It is worth discussing the poor performance of GA in this subsection. The rate of crossover and mutation are two specific tuning parameters in GA, dependent on the empirical value for particular problems. This is the reason why GA failed to provide good results for all the datasets. In the contrast, SOS uses only the two parameters of maximum evaluation number and population size, so it avoids the risk of compromised performance due to improper parameter tuning and enhances performance stability. Easy to fall into local optimal and low efficiency in the latter of search period are the other two reasons for the poor performance of GA. Another finding in the results is the good performances of BBO and MVO which are benefit from the mechanism for significant abrupt movements in the search space.

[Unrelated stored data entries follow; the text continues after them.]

(* Let $f\in\mathcal S_{\mathbf M}$. Then for any $\tau>0$, $n\in\mathbb N$ and $\varphi\in\Phi$, $$E_n(f)^*_{\mathbf M}\le C_{n,\varphi}(\tau)\,\omega_\varphi\Big(f,\frac{\tau}{n}\Big)^*_{\mathbf M},$$ where $$C_{n,\varphi}(\tau):=\inf_{v\in V(\tau)}\frac{v(\tau)-v(0)}{I_{n,\varphi}(\tau,v)},\qquad I_{n,\varphi}(\tau,v):=\inf_{k\in\mathbb N,\,k\ge n}\int_0^\tau\varphi\Big(\frac{ku}{n}\Big)\,dv(u).$$ Moreover, there exists a function $v^*\in V(\tau)$ at which the infimum over $v\in V(\tau)$ in the definition of $C_{n,\varphi}(\tau)$ is attained.
   Context: $L$ is the space of $2\pi$-periodic Lebesgue integrable functions, with Fourier coefficients $\widehat f(k)=(2\pi)^{-1}\int_0^{2\pi}f(x)e^{-\mathrm{i}kx}\,dx$, $k\in\mathbb Z$. Let $\mathbf M=\{M_k\}_{k\in\mathbb Z}$ be a sequence of Orlicz functions on $[0,\infty)$ (each $M_k$ nondecreasing and convex, $M_k(0)=0$, $M_k(u)\to\infty$ as $u\to\infty$). For a complex sequence $c=\{c_k\}_{k\in\mathbb Z}$, its Luxemburg norm is $\|c\|_{\mathbf M}=\inf\{a>0:\sum_kM_k(|c_k|/a)\le1\}$; with $\tilde M_k(v)=\sup\{uv-M_k(u):u\ge0\}$ and $\Lambda$ the set of sequences $\lambda=\{\lambda_k\}$ of positive numbers with $\sum_k\tilde M_k(\lambda_k)\le1$, its Orlicz norm is $\|c\|^*_{\mathbf M}=\sup\{\sum_k\lambda_k|c_k|:\lambda\in\Lambda\}$. $\mathcal S_{\mathbf M}$ is the space of $f\in L$ with $\|f\|_{\mathbf M}:=\|\{\widehat f(k)\}\|_{\mathbf M}<\infty$; also $\|f\|^*_{\mathbf M}:=\|\{\widehat f(k)\}\|^*_{\mathbf M}$. $E_n(f)^*_{\mathbf M}=\inf\{\|f-t\|^*_{\mathbf M}: t\in\mathcal T_{n-1}\}$, where $\mathcal T_{n-1}$ is the set of trigonometric polynomials $\sum_{|k|\le n-1}c_ke^{\mathrm{i}kx}$, $c_k\in\mathbb C$. $\Phi$ is the set of all continuous, bounded, nonnegative, even functions $\varphi:\mathbb R\to\mathbb R$ with $\varphi(0)=0$ such that $\{t:\varphi(t)=0\}$ has Lebesgue measure zero. For $\varphi\in\Phi$, $h\in\mathbb R$, $\Delta_h^\varphi f$ denotes the sequence $\{\varphi(kh)\widehat f(k)\}_{k\in\mathbb Z}$, and $\omega_\varphi(f,\delta)^*_{\mathbf M}=\sup_{|h|\le\delta}\|\Delta_h^\varphi f\|^*_{\mathbf M}$. $V(\tau)$ is the set of bounded nondecreasing functions $v$ on $[0,\tau]$ that are not constant on $[0,\tau]$; the integrals are Lebesgue–Stieltjes integrals. *)

theory Defs
  imports "HOL-Analysis.Analysis"
begin

definition in_L :: "(real \<Rightarrow> complex) \<Rightarrow> bool" where
  "in_L f \<longleftrightarrow> (\<forall>x. f (x + 2 * pi) = f x) \<and> set_integrable lebesgue {0..2*pi} f"

definition fourier_coeff :: "(real \<Rightarrow> complex) \<Rightarrow> int \<Rightarrow> complex" where
  "fourier_coeff f k =
     complex_of_real (1 / (2 * pi)) *
       (LINT x:{0..2*pi}|lebesgue. f x * exp (- (\<i> * of_int k * complex_of_real x)))"

definition orlicz_fun :: "(real \<Rightarrow> real) \<Rightarrow> bool" where
  "orlicz_fun M \<longleftrightarrow> mono_on {0..} M \<and> convex_on {0..} M \<and> M 0 = 0 \<and>
     filterlim M at_top at_top"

The reason for the high classification rate provided by SOS is that this algorithm is equipped with adaptive three phases to smoothly balance exploration and exploitation. The first two phases are devoted to exploration and the rest to exploitation. And the three phases are simple to operate with only simple mathematical operations to code. In addition, SOS uses greedy selection at the end of each phase to select whether to retain the old or modified solution. Consequently, there are always guiding search agents to the most promising regions of the search space.
6. Conclusions
In this paper, the recently proposed SOS algorithm was employed for the first time as a FNN trainer. The high level of exploration and exploitation of this algorithm were the motivation for this study. The problem of training a FNN was first formulated for the SOS algorithm. This algorithm was then employed to optimize the weights and biases of FNNs so as to get high classification accuracy. The obtained results of eight datasets with different characteristic show that the proposed approach is efficient to train FNNs compared to other training methods that have been used in the literatures: CS, PSO, GA, MVO, GSA, and BBO. The results of MSE over 20 runs show that the proposed approach performs best in terms of convergence rate and is robust since the variances are relatively small. Furthermore, by comparing the classification accuracy of the testing datasets, using the optimal weights and biases, SOS has advantage over the other algorithms employed. In addition, the significance of the results is statistically confirmed by using Wilcoxon's rank sum test, which demonstrates that the results have not occurred by coincidence. It can be concluded that SOS is suitable for being used as a training method for FNNs.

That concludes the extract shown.